theorem lemma4p3:
  fixes X :: "'a::euclidean_space set"
    and \<mu> :: "'a measure"
    and \<rho> :: "real \<Rightarrow> 'a \<Rightarrow> 'a measure"
    and k :: "'a \<Rightarrow> 'a \<Rightarrow> real"
    and t :: real
  assumes mu_prob: "prob_space \<mu>"
    and mu_sets: "sets \<mu> = sets (restrict_space borel X)"
    and rho_kernel: "\<And>s. s \<ge> 0 \<Longrightarrow> \<rho> s \<in> \<mu> \<rightarrow>\<^sub>M prob_algebra \<mu>"
    and mu_invariant: "\<And>s A. s \<ge> 0 \<Longrightarrow> A \<in> sets \<mu> \<Longrightarrow>
                          (\<integral>\<^sup>+ x. emeasure (\<rho> s x) A \<partial>\<mu>) = emeasure \<mu> A"
    and k_pd: "pd_kernel X k"
    and A1: "square_integrable \<mu> (\<lambda>x. k x x)"
    and A2: "\<And>\<psi>. square_integrable \<mu> \<psi> \<Longrightarrow>
               (\<integral>x. (\<integral>y. k x y * \<psi> x * \<psi> y \<partial>\<mu>) \<partial>\<mu>) = 0 \<Longrightarrow> (AE x in \<mu>. \<psi> x = 0)"
    and A3: "\<And>\<psi>. \<psi> \<in> rkhs X k \<Longrightarrow> (AE x in \<mu>. \<psi> x = 0) \<Longrightarrow> (\<forall>x\<in>X. \<psi> x = 0)"
    and t_nonneg: "t \<ge> 0"
  shows "fst ` koopH_graph \<mu> X k (\<rho> t) =
           {\<psi> \<in> rkhs X k. \<exists>h \<in> rkhs X k. AE x in \<mu>. koopman (\<rho> t) \<psi> x = h x}
         \<and> rkhs_closed_operator X k (koopH_graph \<mu> X k (\<rho> t))"
proof -
  interpret koopman_rkhs X k \<mu> "\<rho> t"
    unfolding koopman_rkhs_def koopman_rkhs_axioms_def kernel_mean_embedding_def
      kernel_mean_embedding_axioms_def stationary_markov_kernel_def rkhs_kernel_def
    using k_pd mu_prob mu_sets A1 rho_kernel[OF t_nonneg] mu_invariant[OF t_nonneg] A2 A3 by blast
  show ?thesis using koopH_graph_domain koopH_graph_closed by blast
qed

end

───

### Exercise brief
Return all of the data word for word.

### Task solution
theorem lemma4p3:
  fixes X :: "'a::euclidean_space set"
    and \<mu> :: "'a measure"
    and \<rho> :: "real \<Rightarrow> 'a \<Rightarrow> 'a measure"
    and k :: "'a \<Rightarrow> 'a \<Rightarrow> real"
    and t :: real
  assumes mu_prob: "prob_space \<mu>"
    and mu_sets: "sets \<mu> = sets (restrict_space borel X)"
    and rho_kernel: "\<And>s. s \<ge> 0 \<Longrightarrow> \<rho> s \<in> \<mu> \<rightarrow>\<^sub>M prob_algebra \<mu>"
    and mu_invariant: "\<And>s A. s \<ge> 0 \<Longrightarrow> A \<in> sets \<mu> \<Longrightarrow>
                          (\<integral>\<^sup>+ x. emeasure (\<rho> s x) A \<partial>\<mu>) = emeasure \<mu> A"
    and k_pd: "pd_kernel X k"
    and A1: "square_integrable \<mu> (\<lambda>x. k x x)"
    and A2: "\<And>\<psi>. square_integrable \<mu> \<psi> \<Longrightarrow>
               (\<integral>x. (\<integral>y. k x y * \<psi> x * \<psi> y \<partial>\<mu>) \<partial>\<mu>) = 0 \<Longrightarrow> (AE x in \<mu>. \<psi> x = 0)"
    and A3: "\<And>\<psi>. \<psi> \<in> rkhs X k \<Longrightarrow> (AE x in \<mu>. \<psi> x = 0) \<Longrightarrow> (\<forall>x\<in>X. \<psi> x = 0)"
    and t_nonneg: "t \<ge> 0"
  shows "fst ` koopH_graph \<mu> X k (\<rho> t) =
           {\<psi> \<in> rkhs X k. \<exists>h \<in> rkhs X k. AE x in \<mu>. koopman (\<rho> t) \<psi> x = h x}
         \<and> rkhs_closed_operator X k (koopH_graph \<mu> X k (\<rho> t))"
proof -
  interpret koopman_rkhs X k \<mu> "\<rho> t"
    unfolding koopman_rkhs_def koopman_rkhs_axioms_def kernel_mean_embedding_def
      kernel_mean_embedding_axioms_def stationary_markov_kernel_def rkhs_kernel_def
    using k_pd mu_prob mu_sets A1 rho_kernel[OF t_nonneg] mu_invariant[OF t_nonneg] A2 A3 by blast
  show ?thesis using koopH_graph_domain koopH_graph_closed by blast
qed

end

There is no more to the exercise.